Then, jarringly, we were interrupted by the noisy arrival of Ladbrooke and Leslie. The classroom door went bang and there they were, red cheeked and cheerful, clumping across the room in heavy boots, leaving a trail of melting snow in their wake. Lad was full of their adventure. They’d been involved in a minor traffic accident on the way to school. While no one had been hurt or even shaken up, it had necessitated two trucks and police and a lengthy wait at the Mercedes garage. Ladbrooke and Leslie had walked to school from there and arrived, very excited by their experiences.

I regretted their intrusion. The three children almost never directly mentioned the Troubles or spoke of their former life in Belfast. There were odd, fragmented references shot back and forth amongst them, like coded messages, but they seldom included me when talking. And I was uncomfortable raising the topic when it did not come up naturally, partly because I was at a disadvantage as a foreigner, and partly because there had been so many traumatic consequences for these children, that I feared I would lumber in, inadvertently hurting more than I helped. But Ladbrooke and Leslie were there, wet and noisy and excited, and there wasn’t much I could do about it. Within moments the other children had caught their high spirits. We went back to talking about snowstorms, and my quiet interlude in Ulster was gone.

I alone seemed unable to pull myself away from Northern Ireland. Throughout the day, the conversation kept coming back to me in snips and snatches.

Out on the playground that afternoon, the children were going mad in the deep snow. Carolyn and Joyce had come out too. They had only four children in their class, so the day had taken on a holiday mood. Carolyn got a game of Fox-and-Geese going with her children in which Leslie and Shemona happily joined. Geraldine and Shamie, feeling themselves above playing with preschoolers, kept apart. After constructing a crude snow fort, Shamie began lofting snowballs at Ladbrooke, who returned fire with unrestrained precision. Geraldine joined in, in a halfhearted way, but after getting hit in the cross fire, she withdrew and came over to stand next to me.

“Shamie likes her,” Geraldine said in a rather disgruntled voice. She seldom referred to Ladbrooke by name.

“Yes, I know.”

“You know what else? He keeps that picture she drew, that one she made on his spelling paper when he got 100 percent. He keeps it in his bedroom drawer. By his bed. And then he takes it out and looks at it. Sometimes he
kisses
it.” Geraldine made a distasteful grimace. “He’s in
love
with her.”

I smiled down at her.

“I think he’s silly. She’s a grown-up woman.”

“Well, it’s all right for him to feel that way.”

“He thinks she’s beautiful. He thinks she’s beautifuller than you are.”

“I suspect he’s right.”

“I don’t think so,” Geraldine said. “I think you’re beautiful, Miss. I think you’re beautifuller than she is. You’re nicer.”

“Thank you, Geraldine. That’s kind of you to say.”

We stood together in affable silence, watching the others play. Geraldine took one hand out of her pocket and put it through the crook of my arm. She leaned her head against me.

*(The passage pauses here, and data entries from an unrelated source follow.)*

lemma integrable_if_norm_le_inverse_1_plus_square:
  fixes h :: "real \<Rightarrow> 'b::{banach, second_countable_topology}"
  assumes "h \<in> borel_measurable borel" "\<And>t. norm (h t) \<le> B / (1 + t^2)"
  shows "integrable lborel h"
proof (rule Bochner_Integration.integrable_bound)
  have "integrable lborel (\<lambda>x::real. inverse (1 + x^2))"
    using integrable_inverse_1_plus_square by (simp add: set_integrable_def einterval_def)
  then show "integrable lborel (\<lambda>t. B / (1 + t^2))" by (simp add: divide_inverse)
  show "AE t in lborel. norm (h t) \<le> norm (B / (1 + t^2))"
    by (intro AE_I2 order.trans[OF assms(2)]) (simp only: real_norm_def abs_ge_self)
qed (use assms(1) in simp)
lemma cluster_direction_in_Lset:
  fixes V1 :: "'n::{real_vector,topological_space} \<Rightarrow> 'a::{real_vector,topological_space}"
  assumes "tvs TYPE('a)" "convex_cone Xp" "usc_cone Xp V1"
    and "\<And>X K. X \<in> A \<Longrightarrow> K \<in> Xp \<Longrightarrow> X + K \<in> A" "anti_star_shaped Xp V1"
    and ev: "eventually (\<lambda>q. feasible P V0 V1 A (Y q) (n q) (x q) \<and> 0 < l q \<and> l q \<le> 1) F"
    and l0: "(l \<longlongrightarrow> 0) F" "((\<lambda>q. l q *\<^sub>R Y q) \<longlongrightarrow> 0) F" "((\<lambda>q. l q * n q) \<longlongrightarrow> 0) F"
    and d: "inf (nhds d) (filtermap (\<lambda>q. l q *\<^sub>R x q) F) \<noteq> bot"
  shows "d \<in> Lset P V0 V1 A"
proof -
  have "eventually (\<lambda>q. x q \<in> P \<and> 0 \<le> l q) F"
    using ev by eventually_elim (auto simp: feasible_def)
  from asymp_cone_of_cluster_point[OF this l0(1) d] have "d \<in> asymp_cone P" .
  moreover have "eventually (\<lambda>q. V0 (x q) \<le> n q \<and> 0 \<le> l q) F"
    using ev by eventually_elim (auto simp: feasible_def)
  from asymp_fun_nonpos_of_cluster_point[OF this l0(1,3) d] have "asymp_fun V0 d \<le> 0" .
  moreover have "eventually (\<lambda>q. Y q + V1 (x q) \<in> A \<and> 0 < l q \<and> l q \<le> 1) F"
    using ev by eventually_elim (auto simp: feasible_def)
  from V1_asymp_cone_of_cluster_point[OF assms(1-5) this l0(1,2) d] have "V1 d \<in> asymp_cone A" .
  ultimately show ?thesis unfolding Lset_def by simp
qed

“You know what we were talking about this morning,” I said, “when we were talking about Ulster?”

Geraldine nodded.

“Shamie was saying how it was no good, all that fighting, how it wasn’t getting anywhere. What do you think? Does the fighting there seem good to you?”

She didn’t answer immediately. Then slowly, she shook her head. “No, Miss, it doesn’t seem good.”

“Does it seem right?”

Another thoughtful pause, then she shrugged. “I don’t know. I think maybe it’s right. Just because some things aren’t good, doesn’t mean they aren’t right. You have to fight back. When somebody fights you, you have to fight back. You have to take revenge.”

“You have to take revenge?”

She nodded.

“Do you think revenge is a good thing, Geraldine?”

She nodded again with no hesitation.

“Why?”

“Because it’s justice.”

I looked down at her. She was bareheaded, in spite of the cold weather. She was still watching the other children, still holding on to me, still leaning her head against my arm. I regarded her dark, shiny hair.

“What is justice, do you think?” I asked.

No answer. She just stood.

“Do you know what justice is, Geraldine?”

“Yes, Miss.”

“What?”

“What you take revenge for.”

Taking my hand from my jacket pocket, I put my arm around her, drawing her closer to me. She put her arm around my waist. I was silent a moment, watching Shamie and Ladbrooke. They had grown exuberant in their game, and snowballs were zinging back and forth at a remarkable rate. Ladbrooke had a childlike quality about her that allowed her to enter into the kids’ games as an equal, and the children always accepted her as such. On such occasions, she could become very free spirited, but it made her noisy. I tried to catch her eye and signal her to move away from Geraldine and me a little, but she was too absorbed to notice.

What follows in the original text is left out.